text \<open>Generator tau of Gal(L/Q): tau(omega + omega^-1) = omega^3 + omega^-3, so
  tau^j(theta_i) = theta_(i * 3^j).  An element of O_L = Z[theta] is given by integer
  coefficients c_0..c_(k-1) of 1, theta, ..., theta^(k-1); its j-th conjugate is:\<close>

definition conj_OL :: "nat \<Rightarrow> (nat \<Rightarrow> int) \<Rightarrow> nat \<Rightarrow> real" where
  "conj_OL m c j = (\<Sum>i<kdim m. of_int (c i) * theta m (3 ^ j) ^ i)"

text \<open>An element of L' = Z-span of 2+theta_1, theta_1, ..., theta_(k-1) with coefficients
  c_0 (for 2+theta_1) and c_i (for theta_i, 1 <= i < k); its j-th conjugate is:\<close>

definition conj_L' :: "nat \<Rightarrow> (nat \<Rightarrow> int) \<Rightarrow> nat \<Rightarrow> real" where
  "conj_L' m c j = of_int (c 0) * (2 + theta m (3 ^ j))
     + (\<Sum>i\<in>{1..<kdim m}. of_int (c i) * theta m (i * 3 ^ j))"

definition conj_beta :: "nat \<Rightarrow> nat \<Rightarrow> real" where
  "conj_beta m j = 1 / real (kdim m) - theta m (3 ^ j) / (2 * real (kdim m))"

definition coeffs :: "nat \<Rightarrow> (nat \<Rightarrow> int) set" where
  "coeffs m = {c. \<forall>i\<ge>kdim m. c i = 0}"

text \<open>phi_beta applied to an element given by its conjugates; vectors in R^k are
  functions nat => real vanishing at indices >= k.\<close>

definition phi_beta :: "nat \<Rightarrow> (nat \<Rightarrow> real) \<Rightarrow> (nat \<Rightarrow> real)" where
  "phi_beta m conjs = (\<lambda>j. if j < kdim m then sqrt (conj_beta m j) * conjs j else 0)"

definition lattice_OL :: "nat \<Rightarrow> (nat \<Rightarrow> real) set" where
  "lattice_OL m = (\<lambda>c. phi_beta m (conj_OL m c)) ` coeffs m"

definition lattice_L' :: "nat \<Rightarrow> (nat \<Rightarrow> real) set" where
  "lattice_L' m = (\<lambda>c. phi_beta m (conj_L' m c)) ` coeffs m"

definition max_diversity :: "nat \<Rightarrow> (nat \<Rightarrow> real) set \<Rightarrow> bool" where
  "max_diversity n \<Lambda> \<longleftrightarrow> (\<forall>y\<in>\<Lambda>. y \<noteq> (\<lambda>_. 0) \<longrightarrow> (\<forall>j<n. y j \<noteq> 0))"

definition dpmin :: "nat \<Rightarrow> (nat \<Rightarrow> real) set \<Rightarrow> real" where
  "dpmin n \<Lambda> = Inf {\<bar>\<Prod>j<n. y j\<bar> | y. y \<in> \<Lambda> \<and> y \<noteq> (\<lambda>_. 0)}"

end

theory Submission
  imports Defs "HOL-Computational_Algebra.Polynomial_Factorial"
begin
lemma target_in_objs: "g \<in> G \<Longrightarrow> t g \<in> objs G s"
  using inverse_closed source_in_objs by metis

lemma objs_subset: "objs G s \<subseteq> G"
  using groupoid unfolding groupoid_def objs_def by blast

lemma object_fixed: "x \<in> objs G s \<Longrightarrow> s x = x \<and> t x = x"
  using groupoid unfolding groupoid_def by blast

lemma mul_closed: "g \<in> G \<Longrightarrow> h \<in> G \<Longrightarrow> s g = t h \<Longrightarrow> mul g h \<in> G \<and> s (mul g h) = s h \<and> t (mul g h) = t g"
  using groupoid unfolding groupoid_def by blast

lemma objs_full_sub_iff:
  assumes "g \<in> full_sub G s t Z"
  shows "g \<in> objs (full_sub G s t Z) s \<longleftrightarrow> g \<in> objs G s"
proof
  show "g \<in> objs (full_sub G s t Z) s \<Longrightarrow> g \<in> objs G s"
    unfolding objs_def full_sub_def by blast
next
  assume "g \<in> objs G s"
  then have "g = s g"
    using object_fixed by simp
  with assms show "g \<in> objs (full_sub G s t Z) s"
    unfolding objs_def by blast
qed

lemma comp_objs_subset: "comp_objs G s t x \<subseteq> objs G s"
  unfolding comp_objs_def by blast

lemma comp_objs_eq:
  assumes "y \<in> comp_objs G s t x"
  shows "comp_objs G s t y = comp_objs G s t x"
proof -
  from assms obtain h where h: "h \<in> G" "s h = x" "t h = y"
    unfolding comp_objs_def by blast
  have "\<exists>k'\<in>G. s k' = x \<and> t k' = z" if "k \<in> G" "s k = y" "t k = z" for k z
    using mul_closed[of k h] h that by blast
  moreover have "\<exists>k'\<in>G. s k' = y \<and> t k' = z" if "k \<in> G" "s k = x" "t k = z" for k z
    using mul_closed[of k "iv h"] inverse_closed[of h] h that by metis
  ultimately show ?thesis
    unfolding comp_objs_def by blast
qed

lemma components_disjoint: "pairwise disjnt (components_objs G s t)"
  unfolding components_objs_def pairwise_def disjnt_iff
  by (auto dest: comp_objs_eq)

lemma morphism_in_component:
  assumes "g \<in> G"
  shows "\<exists>Z\<in>components_objs G s t. s g \<in> Z \<and> t g \<in> Z"
proof
  have "s g \<in> objs G s" "s (s g) = s g" "t (s g) = s g"
    using source_in_objs[OF assms] object_fixed by auto
  then show "s g \<in> comp_objs G s t (s g) \<and> t g \<in> comp_objs G s t (s g)"
    using assms target_in_objs objs_subset unfolding comp_objs_def by blast
  show "comp_objs G s t (s g) \<in> components_objs G s t"
    using source_in_objs[OF assms] unfolding components_objs_def by blast
qed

### WHAT THE TASK ASKS
Would you transcribe every entry exactly?

### RESPONSE AREA
text \<open>Generator tau of Gal(L/Q): tau(omega + omega^-1) = omega^3 + omega^-3, so
  tau^j(theta_i) = theta_(i * 3^j).  An element of O_L = Z[theta] is given by integer
  coefficients c_0..c_(k-1) of 1, theta, ..., theta^(k-1); its j-th conjugate is:\<close>

definition conj_OL :: "nat \<Rightarrow> (nat \<Rightarrow> int) \<Rightarrow> nat \<Rightarrow> real" where
  "conj_OL m c j = (\<Sum>i<kdim m. of_int (c i) * theta m (3 ^ j) ^ i)"

text \<open>An element of L' = Z-span of 2+theta_1, theta_1, ..., theta_(k-1) with coefficients
  c_0 (for 2+theta_1) and c_i (for theta_i, 1 <= i < k); its j-th conjugate is:\<close>

definition conj_L' :: "nat \<Rightarrow> (nat \<Rightarrow> int) \<Rightarrow> nat \<Rightarrow> real" where
  "conj_L' m c j = of_int (c 0) * (2 + theta m (3 ^ j))
     + (\<Sum>i\<in>{1..<kdim m}. of_int (c i) * theta m (i * 3 ^ j))"

definition conj_beta :: "nat \<Rightarrow> nat \<Rightarrow> real" where
  "conj_beta m j = 1 / real (kdim m) - theta m (3 ^ j) / (2 * real (kdim m))"

definition coeffs :: "nat \<Rightarrow> (nat \<Rightarrow> int) set" where
  "coeffs m = {c. \<forall>i\<ge>kdim m. c i = 0}"

text \<open>phi_beta applied to an element given by its conjugates; vectors in R^k are
  functions nat => real vanishing at indices >= k.\<close>

definition phi_beta :: "nat \<Rightarrow> (nat \<Rightarrow> real) \<Rightarrow> (nat \<Rightarrow> real)" where
  "phi_beta m conjs = (\<lambda>j. if j < kdim m then sqrt (conj_beta m j) * conjs j else 0)"

definition lattice_OL :: "nat \<Rightarrow> (nat \<Rightarrow> real) set" where
  "lattice_OL m = (\<lambda>c. phi_beta m (conj_OL m c)) ` coeffs m"

definition lattice_L' :: "nat \<Rightarrow> (nat \<Rightarrow> real) set" where
  "lattice_L' m = (\<lambda>c. phi_beta m (conj_L' m c)) ` coeffs m"

definition max_diversity :: "nat \<Rightarrow> (nat \<Rightarrow> real) set \<Rightarrow> bool" where
  "max_diversity n \<Lambda> \<longleftrightarrow> (\<forall>y\<in>\<Lambda>. y \<noteq> (\<lambda>_. 0) \<longrightarrow> (\<forall>j<n. y j \<noteq> 0))"

definition dpmin :: "nat \<Rightarrow> (nat \<Rightarrow> real) set \<Rightarrow> real" where
  "dpmin n \<Lambda> = Inf {\<bar>\<Prod>j<n. y j\<bar> | y. y \<in> \<Lambda> \<and> y \<noteq> (\<lambda>_. 0)}"

end

theory Submission
  imports Defs "HOL-Computational_Algebra.Polynomial_Factorial"
begin
lemma target_in_objs: "g \<in> G \<Longrightarrow> t g \<in> objs G s"
  using inverse_closed source_in_objs by metis

lemma objs_subset: "objs G s \<subseteq> G"
  using groupoid unfolding groupoid_def objs_def by blast

lemma object_fixed: "x \<in> objs G s \<Longrightarrow> s x = x \<and> t x = x"
  using groupoid unfolding groupoid_def by blast

lemma mul_closed: "g \<in> G \<Longrightarrow> h \<in> G \<Longrightarrow> s g = t h \<Longrightarrow> mul g h \<in> G \<and> s (mul g h) = s h \<and> t (mul g h) = t g"
  using groupoid unfolding groupoid_def by blast

lemma objs_full_sub_iff:
  assumes "g \<in> full_sub G s t Z"
  shows "g \<in> objs (full_sub G s t Z) s \<longleftrightarrow> g \<in> objs G s"
proof
  show "g \<in> objs (full_sub G s t Z) s \<Longrightarrow> g \<in> objs G s"
    unfolding objs_def full_sub_def by blast
next
  assume "g \<in> objs G s"
  then have "g = s g"
    using object_fixed by simp
  with assms show "g \<in> objs (full_sub G s t Z) s"
    unfolding objs_def by blast
qed

lemma comp_objs_subset: "comp_objs G s t x \<subseteq> objs G s"
  unfolding comp_objs_def by blast

lemma comp_objs_eq:
  assumes "y \<in> comp_objs G s t x"
  shows "comp_objs G s t y = comp_objs G s t x"
proof -
  from assms obtain h where h: "h \<in> G" "s h = x" "t h = y"
    unfolding comp_objs_def by blast
  have "\<exists>k'\<in>G. s k' = x \<and> t k' = z" if "k \<in> G" "s k = y" "t k = z" for k z
    using mul_closed[of k h] h that by blast
  moreover have "\<exists>k'\<in>G. s k' = y \<and> t k' = z" if "k \<in> G" "s k = x" "t k = z" for k z
    using mul_closed[of k "iv h"] inverse_closed[of h] h that by metis
  ultimately show ?thesis
    unfolding comp_objs_def by blast
qed

lemma components_disjoint: "pairwise disjnt (components_objs G s t)"
  unfolding components_objs_def pairwise_def disjnt_iff
  by (auto dest: comp_objs_eq)

lemma morphism_in_component:
  assumes "g \<in> G"
  shows "\<exists>Z\<in>components_objs G s t. s g \<in> Z \<and> t g \<in> Z"
proof
  have "s g \<in> objs G s" "s (s g) = s g" "t (s g) = s g"
    using source_in_objs[OF assms] object_fixed by auto
  then show "s g \<in> comp_objs G s t (s g) \<and> t g \<in> comp_objs G s t (s g)"
    using assms target_in_objs objs_subset unfolding comp_objs_def by blast
  show "comp_objs G s t (s g) \<in> components_objs G s t"
    using source_in_objs[OF assms] unfolding components_objs_def by blast
qed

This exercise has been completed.